What to produce - Scan the lines below for "open"; report the number of lines that contain it, and only that.

(Listed entries begins)

lemma omega_layer_add:
  fixes P Q :: "(nat \<Rightarrow> nat) \<Rightarrow> 'a::monoid_add"
  shows "omega_layer m n P z + omega_layer m n Q z = omega_layer m n (\<lambda>\<gamma>. P \<gamma> + Q \<gamma>) z"
  by (simp add: omega_layer_def split: prod.splits)

lemma omega_layer_diff:
  fixes P Q :: "(nat \<Rightarrow> nat) \<Rightarrow> 'a::group_add"
  shows "omega_layer m n P z - omega_layer m n Q z = omega_layer m n (\<lambda>\<gamma>. P \<gamma> - Q \<gamma>) z"
  by (simp add: omega_layer_def split: prod.splits)

lemma sum_omega_layer:
  fixes R :: "'b \<Rightarrow> (nat \<Rightarrow> nat) \<Rightarrow> 'a::comm_monoid_add"
  shows "(\<Sum>k\<in>K. omega_layer m n (R k) z) = omega_layer m n (\<lambda>\<gamma>. \<Sum>k\<in>K. R k \<gamma>) z"
  by (simp add: omega_layer_def split: prod.splits)

lemma layer_empty_Wapp:
  assumes x: "H0_like m n x"
  shows "layer {} (Wapp m n t p x h)
    = (\<lambda>\<gamma>. \<Sum>k\<in>{1..m}. dp_mult m t p (layer {} (x k)) (dp_shift m t p k 1 (layer {} h)) \<gamma>)"
proof
  fix \<gamma>
  have "layer {} (Wapp m n t p x h) \<gamma> = Wapp m n t p x h (\<gamma>, {})" by (simp add: layer_def)
  also have "\<dots> = (\<Sum>k\<in>{1..m+n}. dp_mult m t p (layer {} (x k)) (layer {} (oderiv m n t p k h)) \<gamma>)"
    by (simp add: Wapp_def omul_empty_layer)
  also have "\<dots> = (\<Sum>k\<in>{1..m}. dp_mult m t p (layer {} (x k)) (layer {} (oderiv m n t p k h)) \<gamma>)"
    unfolding sum_split_I0_I1 by (simp add: H0_like_layer_empty[OF x])
  finally show "layer {} (Wapp m n t p x h) \<gamma>
      = (\<Sum>k\<in>{1..m}. dp_mult m t p (layer {} (x k)) (dp_shift m t p k 1 (layer {} h)) \<gamma>)"
    by (simp add: layer_empty_oderiv)
qed

lemma Wapp_omega_field_left:
  assumes P: "\<forall>j. j \<notin> {1..m} \<longrightarrow> P j = (\<lambda>_. 0)"
  shows "Wapp m n t p (omega_field m n P) h
    = omega_layer m n (\<lambda>\<gamma>. \<Sum>k\<in>{1..m}. dp_mult m t p (P k) (dp_shift m t p k 1 (layer {} h)) \<gamma>)"
proof
  fix z
  have "Wapp m n t p (omega_field m n P) h z
      = (\<Sum>k\<in>{1..m+n}. omega_layer m n (dp_mult m t p (P k) (layer {} (oderiv m n t p k h))) z)"
    by (simp add: Wapp_def omega_field_def omul_omega_layer_left)
  also have "\<dots> = (\<Sum>k\<in>{1..m}. omega_layer m n (dp_mult m t p (P k) (layer {} (oderiv m n t p k h))) z)"
  proof -
    have "(\<Sum>k\<in>{m+1..m+n}. omega_layer m n (dp_mult m t p (P k) (layer {} (oderiv m n t p k h))) z) = 0"
      by (intro sum.neutral ballI) (simp add: P omega_layer_def split: prod.splits)
    thus ?thesis unfolding sum_split_I0_I1 by simp
  qed
  finally show "Wapp m n t p (omega_field m n P) h z
      = omega_layer m n (\<lambda>\<gamma>. \<Sum>k\<in>{1..m}. dp_mult m t p (P k) (dp_shift m t p k 1 (layer {} h)) \<gamma>) z"
    by (simp add: sum_omega_layer layer_empty_oderiv)
qed

lemma Wapp_omega_layer_right:
  assumes y: "H0_like m n y"
  shows "Wapp m n t p y (omega_layer m n Q)
    = omega_layer m n (\<lambda>\<gamma>. \<Sum>k\<in>{1..m}. dp_mult m t p (layer {} (y k)) (dp_shift m t p k 1 Q) \<gamma>)"
proof
  fix z
  have odd: "\<forall>\<alpha> u. y k (\<alpha>, u) \<noteq> 0 \<longrightarrow> odd (card u)" if "k \<in> {m+1..m+n}" for k
    using y that unfolding H0_like_def by auto
  have "(\<Sum>k\<in>{m+1..m+n}. omul m n t p (y k) (oderiv m n t p k (omega_layer m n Q)) z)
      = omega_layer m n (\<lambda>\<gamma>. \<Sum>k\<in>{m+1..m+n}. dp_mult m t p (layer {k} (y k)) Q \<gamma>) z"
    by (simp add: omul_oderiv_omega_layer_odd[OF _ odd] sum_omega_layer)
  also have "(\<lambda>\<gamma>. \<Sum>k\<in>{m+1..m+n}. dp_mult m t p (layer {k} (y k)) Q \<gamma>)
      = dp_mult m t p (\<lambda>\<alpha>. \<Sum>k\<in>{m+1..m+n}. y k (\<alpha>, {k})) Q"
    by (rule ext) (simp add: dp_mult_sum_left layer_def)
  also have "(\<lambda>\<alpha>. \<Sum>k\<in>{m+1..m+n}. y k (\<alpha>, {k})) = (\<lambda>_. 0)"
    using y by (simp add: H0_like_def)
  also have "omega_layer m n (dp_mult m t p (\<lambda>_. 0) Q) z = 0"
    by (simp add: omega_layer_def split: prod.splits)
  finally show "Wapp m n t p y (omega_layer m n Q) z
      = omega_layer m n (\<lambda>\<gamma>. \<Sum>k\<in>{1..m}. dp_mult m t p (layer {} (y k)) (dp_shift m t p k 1 Q) \<gamma>) z"
    unfolding Wapp_def sum_split_I0_I1 by (simp add: oderiv_omega_layer omul_omega_layer_right sum_omega_layer)
qed

text \<open>The bracket of \<open>W(m;\<underline>t)\<close> on coefficient families: the \<open>j\<close>-th coefficient of
  \<open>[\<Sum>\<^sub>k X\<^sub>k \<partial>\<^sub>k, \<Sum>\<^sub>k Y\<^sub>k \<partial>\<^sub>k]\<close>.\<close>

definition witt_bracket :: "nat \<Rightarrow> (nat \<Rightarrow> nat) \<Rightarrow> nat \<Rightarrow> (nat \<Rightarrow> (nat \<Rightarrow> nat) \<Rightarrow> 'a::field)
    \<Rightarrow> (nat \<Rightarrow> (nat \<Rightarrow> nat) \<Rightarrow> 'a) \<Rightarrow> nat \<Rightarrow> (nat \<Rightarrow> nat) \<Rightarrow> 'a" where
  "witt_bracket m t p X Y j = (\<lambda>\<gamma>. (\<Sum>k\<in>{1..m}. dp_mult m t p (X k) (dp_shift m t p k 1 (Y j)) \<gamma>)
                              - (\<Sum>k\<in>{1..m}. dp_mult m t p (Y k) (dp_shift m t p k 1 (X j)) \<gamma>))"

lemma dp_shift_witt_bracket:
  fixes X Y :: "nat \<Rightarrow> (nat \<Rightarrow> nat) \<Rightarrow> 'a::field"
  assumes ch: "CHAR('a) = p" and pr: "prime p" and i: "i \<in> {1..m}"
  shows "dp_shift m t p i (p ^ e) (witt_bracket m t p X Y j) \<gamma>
    = witt_bracket m t p (\<lambda>k. dp_shift m t p i (p ^ e) (X k)) Y j \<gamma>
      + witt_bracket m t p X (\<lambda>k. dp_shift m t p i (p ^ e) (Y k)) j \<gamma>"
proof -
  let ?S = "dp_shift m t p i (p ^ e)"
  have "?S (witt_bracket m t p X Y j) \<gamma>
      = (\<Sum>k\<in>{1..m}. ?S (dp_mult m t p (X k) (dp_shift m t p k 1 (Y j))) \<gamma>)
      - (\<Sum>k\<in>{1..m}. ?S (dp_mult m t p (Y k) (dp_shift m t p k 1 (X j))) \<gamma>)"
  proof (cases "\<gamma> \<in> Aset m t p \<and> \<gamma>(i := \<gamma> i + p ^ e) \<in> Aset m t p")
    case False
    thus ?thesis by (simp only: dp_shift_apply witt_bracket_def if_not_P if_False sum.neutral_const diff_self)
  qed (simp add: dp_shift_apply witt_bracket_def)
  also have "\<dots> = witt_bracket m t p (\<lambda>k. ?S (X k)) Y j \<gamma> + witt_bracket m t p X (\<lambda>k. ?S (Y k)) j \<gamma>"
    by (simp add: dp_shift_dp_mult[OF ch pr i] dp_shift_commute[of m t p i _ _ "Suc 0"] witt_bracket_def
        sum.distrib algebra_simps)
  finally show ?thesis .
qed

(Listed entries ends)

Exercise solution - 2